What is being asked> Lines from the top of the entries through the line that has "(* A relative" must be duplicated exactly, and no others.

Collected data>
(* Let $G$ be a finite group, $p$ an odd prime, and $A=\langle a\rangle$ a cyclic subgroup of $G$ of order $p^n$. Let $\eta\in\mathrm{Aut}(G)$. The following are equivalent: (1) there is a relative gamma function $\gamma:A\to\mathrm{Aut}(G)$ with $\gamma(a)=\eta$; (2) $A$ is $\eta$-invariant and the order of $\eta$ divides $p^n$. When these hold, such a $\gamma$ is unique.
   Context: Maps act on the right, written exponentially. For $A\le G$, a function $\gamma:A\to\mathrm{Aut}(G)$ is a relative gamma function on $A$ if $\gamma(g^{\gamma(h)}h)=\gamma(g)\gamma(h)$ for all $g,h\in A$ and $a^{\gamma(b)}\in A$ for all $a,b\in A$. *)

theory Defs
  imports "HOL-Algebra.Algebra"
begin

text \<open>Aut(G) is the library group AutoGroup G (carrier auto G, extensional bijections).
  Its multiplication is composition with f \<otimes> g = f \<circ> g (g applied first).
  Since in the paper maps act on the right, the paper's product \<gamma>(g)\<gamma>(h)
  (first \<gamma>(g), then \<gamma>(h)) is \<gamma> h \<otimes> \<gamma> g in AutoGroup G, and g^{\<gamma>(h)} is \<gamma> h g.\<close>

definition relative_gamma ::
  "('a, 'b) monoid_scheme \<Rightarrow> 'a set \<Rightarrow> ('a \<Rightarrow> 'a \<Rightarrow> 'a) \<Rightarrow> bool" where
  "relative_gamma G A \<gamma> \<longleftrightarrow>
     (\<forall>g\<in>A. \<gamma> g \<in> auto G) \<and>
     (\<forall>g\<in>A. \<forall>h\<in>A. \<gamma> (\<gamma> h g \<otimes>\<^bsub>G\<^esub> h) = \<gamma> h \<otimes>\<^bsub>AutoGroup G\<^esub> \<gamma> g) \<and>
     (\<forall>x\<in>A. \<forall>y\<in>A. \<gamma> y x \<in> A)"

end

theory Submission
  imports Defs "HOL-Number_Theory.Residues"
begin

(* A relative gamma function \<gamma> on A turns A into a group under x \<circ> y = x^{\<gamma>(y)} y.  In it the
   powers a^{\<circ>m} of a depend only on \<eta> = \<gamma>(a), and \<gamma>(a^{\<circ>m}) = \<eta>^m; hence \<eta>^{|A|} = \<gamma>(1) = 1,
   and \<gamma> is determined by \<eta> as soon as the a^{\<circ>m} exhaust A.
   Conversely, if \<eta>(a) = a^s and \<eta>^{p^n} = 1, then s^{p^n} \<equiv> 1 (mod p^n), so s \<equiv> 1 (mod p) by Fermat.
   Then a^{\<circ>m} = a^{1 + s + ... + s^{m-1}}, and for odd p the p-adic valuation of this geometric sum
   equals that of m.  So m \<mapsto> a^{\<circ>m} is a bijection from Z/p^n onto A, and \<gamma>(a^{\<circ>m}) := \<eta>^m is a
   well-defined relative gamma function. *)

section \<open>Geometric sums modulo prime powers\<close>

definition geom_sum :: "nat \<Rightarrow> nat \<Rightarrow> nat" where
  "geom_sum s m = (\<Sum>k<m. s ^ k)"

lemma geom_sum_add: "geom_sum s (m + d) = geom_sum s m + s ^ m * geom_sum s d"
  by (induction d) (simp_all add: geom_sum_def power_add algebra_simps)

lemma geom_sum_Suc: "geom_sum s (Suc m) = s * geom_sum s m + 1"
  using geom_sum_add[of s 1 m] by (simp add: geom_sum_def)

lemma geom_sum_mult: "geom_sum s (m * q) = geom_sum s m * geom_sum (s ^ m) q"
proof (induction q)
  case 0
  then show ?case by (simp add: geom_sum_def)
next
  case (Suc q)
  have "geom_sum s (m * Suc q) = geom_sum s (m * q + m)"
    by (simp add: algebra_simps)
  also have "\<dots> = geom_sum s m * geom_sum (s ^ m) q + s ^ (m * q) * geom_sum s m"
    using Suc geom_sum_add by simp
  also have "\<dots> = geom_sum s m * geom_sum (s ^ m) (Suc q)"
    by (simp add: geom_sum_def power_mult algebra_simps)
  finally show ?case .
qed

lemma geom_sum_cong_one:
  assumes "[t = 1] (mod p)"
  shows "[geom_sum t q = q] (mod p)"
proof -
  have "[geom_sum t q = (\<Sum>k<q. 1)] (mod p)"
    unfolding geom_sum_def using assms by (intro cong_sum) (metis cong_pow power_one)
  then show ?thesis by simp
qed

lemma one_plus_mult_power_cong: "[(1 + p * u) ^ k = 1 + k * p * u] (mod p\<^sup>2)"
  for p u k :: nat
proof (induction k)
  case 0
  then show ?case by simp
next
  case (Suc k)
  have "[(1 + p * u) ^ Suc k = (1 + k * p * u) * (1 + p * u)] (mod p\<^sup>2)"
    using cong_scalar_right[OF Suc.IH, of "1 + p * u"] by (simp only: power_Suc2)
  also have "(1 + k * p * u) * (1 + p * u) = 1 + Suc k * p * u + p\<^sup>2 * (k * u * u)"
    by (simp add: algebra_simps power2_eq_square)
  also have "[\<dots> = 1 + Suc k * p * u] (mod p\<^sup>2)"
    by (simp add: cong_def)
  finally show ?case .
qed

lemma geom_sum_one_plus_mult_cong:
  fixes p u :: nat
  assumes "odd p"
  shows "[geom_sum (1 + p * u) p = p] (mod p\<^sup>2)"
proof -
  obtain w where w: "p = 2 * w + 1" using assms oddE by blast
  have "(\<Sum>k<p. k) = p * w"
    using gauss_sum_nat[of "2 * w"] w by (simp add: lessThan_Suc_atMost atLeast0AtMost)
  moreover have "(\<Sum>k<p. 1 + k * p * u) = p + (\<Sum>k<p. k) * (p * u)"
    by (subst sum.distrib) (simp add: sum_distrib_right mult.assoc)
  ultimately have "(\<Sum>k<p. 1 + k * p * u) = p + p\<^sup>2 * (u * w)"
    by (simp add: power2_eq_square algebra_simps)
  moreover have "[geom_sum (1 + p * u) p = (\<Sum>k<p. 1 + k * p * u)] (mod p\<^sup>2)"
    unfolding geom_sum_def by (intro cong_sum one_plus_mult_power_cong)
  ultimately show ?thesis
    by (simp add: cong_def)
qed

Solution to this problem>
(* Let $G$ be a finite group, $p$ an odd prime, and $A=\langle a\rangle$ a cyclic subgroup of $G$ of order $p^n$. Let $\eta\in\mathrm{Aut}(G)$. The following are equivalent: (1) there is a relative gamma function $\gamma:A\to\mathrm{Aut}(G)$ with $\gamma(a)=\eta$; (2) $A$ is $\eta$-invariant and the order of $\eta$ divides $p^n$. When these hold, such a $\gamma$ is unique.
   Context: Maps act on the right, written exponentially. For $A\le G$, a function $\gamma:A\to\mathrm{Aut}(G)$ is a relative gamma function on $A$ if $\gamma(g^{\gamma(h)}h)=\gamma(g)\gamma(h)$ for all $g,h\in A$ and $a^{\gamma(b)}\in A$ for all $a,b\in A$. *)

theory Defs
  imports "HOL-Algebra.Algebra"
begin

text \<open>Aut(G) is the library group AutoGroup G (carrier auto G, extensional bijections).
  Its multiplication is composition with f \<otimes> g = f \<circ> g (g applied first).
  Since in the paper maps act on the right, the paper's product \<gamma>(g)\<gamma>(h)
  (first \<gamma>(g), then \<gamma>(h)) is \<gamma> h \<otimes> \<gamma> g in AutoGroup G, and g^{\<gamma>(h)} is \<gamma> h g.\<close>

definition relative_gamma ::
  "('a, 'b) monoid_scheme \<Rightarrow> 'a set \<Rightarrow> ('a \<Rightarrow> 'a \<Rightarrow> 'a) \<Rightarrow> bool" where
  "relative_gamma G A \<gamma> \<longleftrightarrow>
     (\<forall>g\<in>A. \<gamma> g \<in> auto G) \<and>
     (\<forall>g\<in>A. \<forall>h\<in>A. \<gamma> (\<gamma> h g \<otimes>\<^bsub>G\<^esub> h) = \<gamma> h \<otimes>\<^bsub>AutoGroup G\<^esub> \<gamma> g) \<and>
     (\<forall>x\<in>A. \<forall>y\<in>A. \<gamma> y x \<in> A)"

end

theory Submission
  imports Defs "HOL-Number_Theory.Residues"
begin

(* A relative gamma function \<gamma> on A turns A into a group under x \<circ> y = x^{\<gamma>(y)} y.  In it the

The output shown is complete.